What the exercise asks:
Reproduce the top of the data verbatim, through and including the line that contains "define \<delta> where".

Collected data entries:
lemma nets_approx_mono:
  fixes f :: "real \<Rightarrow> real"
  assumes \<alpha>: "0 < \<alpha>" "\<alpha> < 1" and "a < b"
    and cont: "continuous_on {a..b} f" and mono: "mono_on {a..b} f" and "0 < \<epsilon>"
  shows "\<exists>g \<in> nets \<alpha>. \<forall>y \<in> {a..b}. \<bar>g y - f y\<bar> \<le> \<epsilon>"
proof -
  have "uniformly_continuous_on {a..b} f"
    by (rule compact_uniformly_continuous[OF cont compact_Icc])
  then obtain d where "0 < d"
    and d: "\<forall>y \<in> {a..b}. \<forall>y' \<in> {a..b}. \<bar>y' - y\<bar> < d \<longrightarrow> \<bar>f y' - f y\<bar> < \<epsilon> / 2"
    using \<open>0 < \<epsilon>\<close> unfolding uniformly_continuous_on_def dist_real_def
    by (meson half_gt_zero)
  obtain n :: nat where n: "(b - a) / d < real n" using reals_Archimedean2 by blast
  moreover have "0 < (b - a) / d" using \<open>a < b\<close> \<open>0 < d\<close> by simp
  ultimately have "0 < n" by simp
  define h where "h = (b - a) / real n"
  have "0 < h" "h < d"
    using \<open>a < b\<close> \<open>0 < n\<close> n \<open>0 < d\<close> by (simp_all add: h_def divide_less_eq mult.commute)
  define x where "x i = a + real i * h" for i
  have "strict_mono x" using \<open>0 < h\<close> by (simp add: strict_mono_def x_def)
  have "x 0 = a" "x n = b" using \<open>0 < n\<close> by (simp_all add: x_def h_def)
  have x_in: "x i \<in> {a..b}" if "i \<le> n" for i
    using that \<open>x 0 = a\<close> \<open>x n = b\<close> strict_mono_less_eq[OF \<open>strict_mono x\<close>, of 0 i]
      strict_mono_less_eq[OF \<open>strict_mono x\<close>, of i n]
    by simp
  \<comment> \<open>The tilt by i * \<delta> makes the data strictly increasing at a total cost of \<epsilon>/2.\<close>
  define \<delta> where "\<delta> = \<epsilon> / (2 * real n)"
  have "0 < \<delta>" "real n * \<delta> = \<epsilon> / 2" using \<open>0 < \<epsilon>\<close> \<open>0 < n\<close> by (simp_all add: \<delta>_def)
  define T where "T i = f (x i) + real i * \<delta>" for i
  have "T j < T (Suc j)" if "j < n" for j
  proof -
    have "f (x j) \<le> f (x (Suc j))"
      using mono_onD[OF mono x_in x_in] that \<open>strict_mono x\<close> by (simp add: strict_mono_less_eq)
    then show ?thesis using \<open>0 < \<delta>\<close> by (simp add: T_def algebra_simps)
  qed
  then obtain g where "g \<in> nets \<alpha>" "strict_mono g" and gx: "\<forall>j \<le> n. g (x j) = T j"
    using nets_interpolate[OF \<alpha> \<open>strict_mono x\<close>] by blast
  have node_error: "\<bar>g (x j) - f (x j)\<bar> \<le> \<epsilon> / 2" if "j \<le> n" for j
  proof -
    have "real j * \<delta> \<le> real n * \<delta>" using that \<open>0 < \<delta>\<close> by simp
    then show ?thesis using that gx \<open>0 < \<delta>\<close> \<open>real n * \<delta> = \<epsilon> / 2\<close> by (simp add: T_def)
  qed
  have "\<bar>g y - f y\<bar> \<le> \<epsilon>" if "y \<in> {a..b}" for y
  proof -
    have "x 0 \<le> y" "y \<le> x n" using that \<open>x 0 = a\<close> \<open>x n = b\<close> by simp_all
    then obtain k where "k < n" and y: "x k \<le> y" "y \<le> x (Suc k)"
      using grid_cover \<open>0 < n\<close> by blast
    have cell: "{x k..x (Suc k)} \<subseteq> {a..b}"
      using x_in[of k] x_in[of "Suc k"] \<open>k < n\<close> by auto
    have "\<bar>g y - f y\<bar> \<le> max \<bar>g (x k) - f (x k)\<bar> \<bar>g (x (Suc k)) - f (x (Suc k))\<bar>
        + (f (x (Suc k)) - f (x k))"
      using y mono_on_subset[OF mono cell] \<open>strict_mono g\<close>
      by (intro mono_between_error) (auto intro: strict_mono_mono mono_imp_mono_on)
    moreover have "\<bar>x (Suc k) - x k\<bar> < d"
      using \<open>0 < h\<close> \<open>h < d\<close> by (simp add: x_def algebra_simps)
    then have "\<bar>f (x (Suc k)) - f (x k)\<bar> < \<epsilon> / 2"
      using d x_in \<open>k < n\<close> by simp
    moreover have "\<bar>g (x k) - f (x k)\<bar> \<le> \<epsilon> / 2" "\<bar>g (x (Suc k)) - f (x (Suc k))\<bar> \<le> \<epsilon> / 2"
      using node_error \<open>k < n\<close> by simp_all
    ultimately show ?thesis by linarith
  qed
  then show ?thesis using \<open>g \<in> nets \<alpha>\<close> by blast
qed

Worked solution:
lemma nets_approx_mono:
  fixes f :: "real \<Rightarrow> real"
  assumes \<alpha>: "0 < \<alpha>" "\<alpha> < 1" and "a < b"
    and cont: "continuous_on {a..b} f" and mono: "mono_on {a..b} f" and "0 < \<epsilon>"
  shows "\<exists>g \<in> nets \<alpha>. \<forall>y \<in> {a..b}. \<bar>g y - f y\<bar> \<le> \<epsilon>"
proof -
  have "uniformly_continuous_on {a..b} f"
    by (rule compact_uniformly_continuous[OF cont compact_Icc])
  then obtain d where "0 < d"
    and d: "\<forall>y \<in> {a..b}. \<forall>y' \<in> {a..b}. \<bar>y' - y\<bar> < d \<longrightarrow> \<bar>f y' - f y\<bar> < \<epsilon> / 2"
    using \<open>0 < \<epsilon>\<close> unfolding uniformly_continuous_on_def dist_real_def
    by (meson half_gt_zero)
  obtain n :: nat where n: "(b - a) / d < real n" using reals_Archimedean2 by blast
  moreover have "0 < (b - a) / d" using \<open>a < b\<close> \<open>0 < d\<close> by simp
  ultimately have "0 < n" by simp
  define h where "h = (b - a) / real n"
  have "0 < h" "h < d"
    using \<open>a < b\<close> \<open>0 < n\<close> n \<open>0 < d\<close> by (simp_all add: h_def divide_less_eq mult.commute)
  define x where "x i = a + real i * h" for i
  have "strict_mono x" using \<open>0 < h\<close> by (simp add: strict_mono_def x_def)
  have "x 0 = a" "x n = b" using \<open>0 < n\<close> by (simp_all add: x_def h_def)
  have x_in: "x i \<in> {a..b}" if "i \<le> n" for i
    using that \<open>x 0 = a\<close> \<open>x n = b\<close> strict_mono_less_eq[OF \<open>strict_mono x\<close>, of 0 i]
      strict_mono_less_eq[OF \<open>strict_mono x\<close>, of i n]
    by simp
  \<comment> \<open>The tilt by i * \<delta> makes the data strictly increasing at a total cost of \<epsilon>/2.\<close>
  define \<delta> where "\<delta> = \<epsilon> / (2 * real n)"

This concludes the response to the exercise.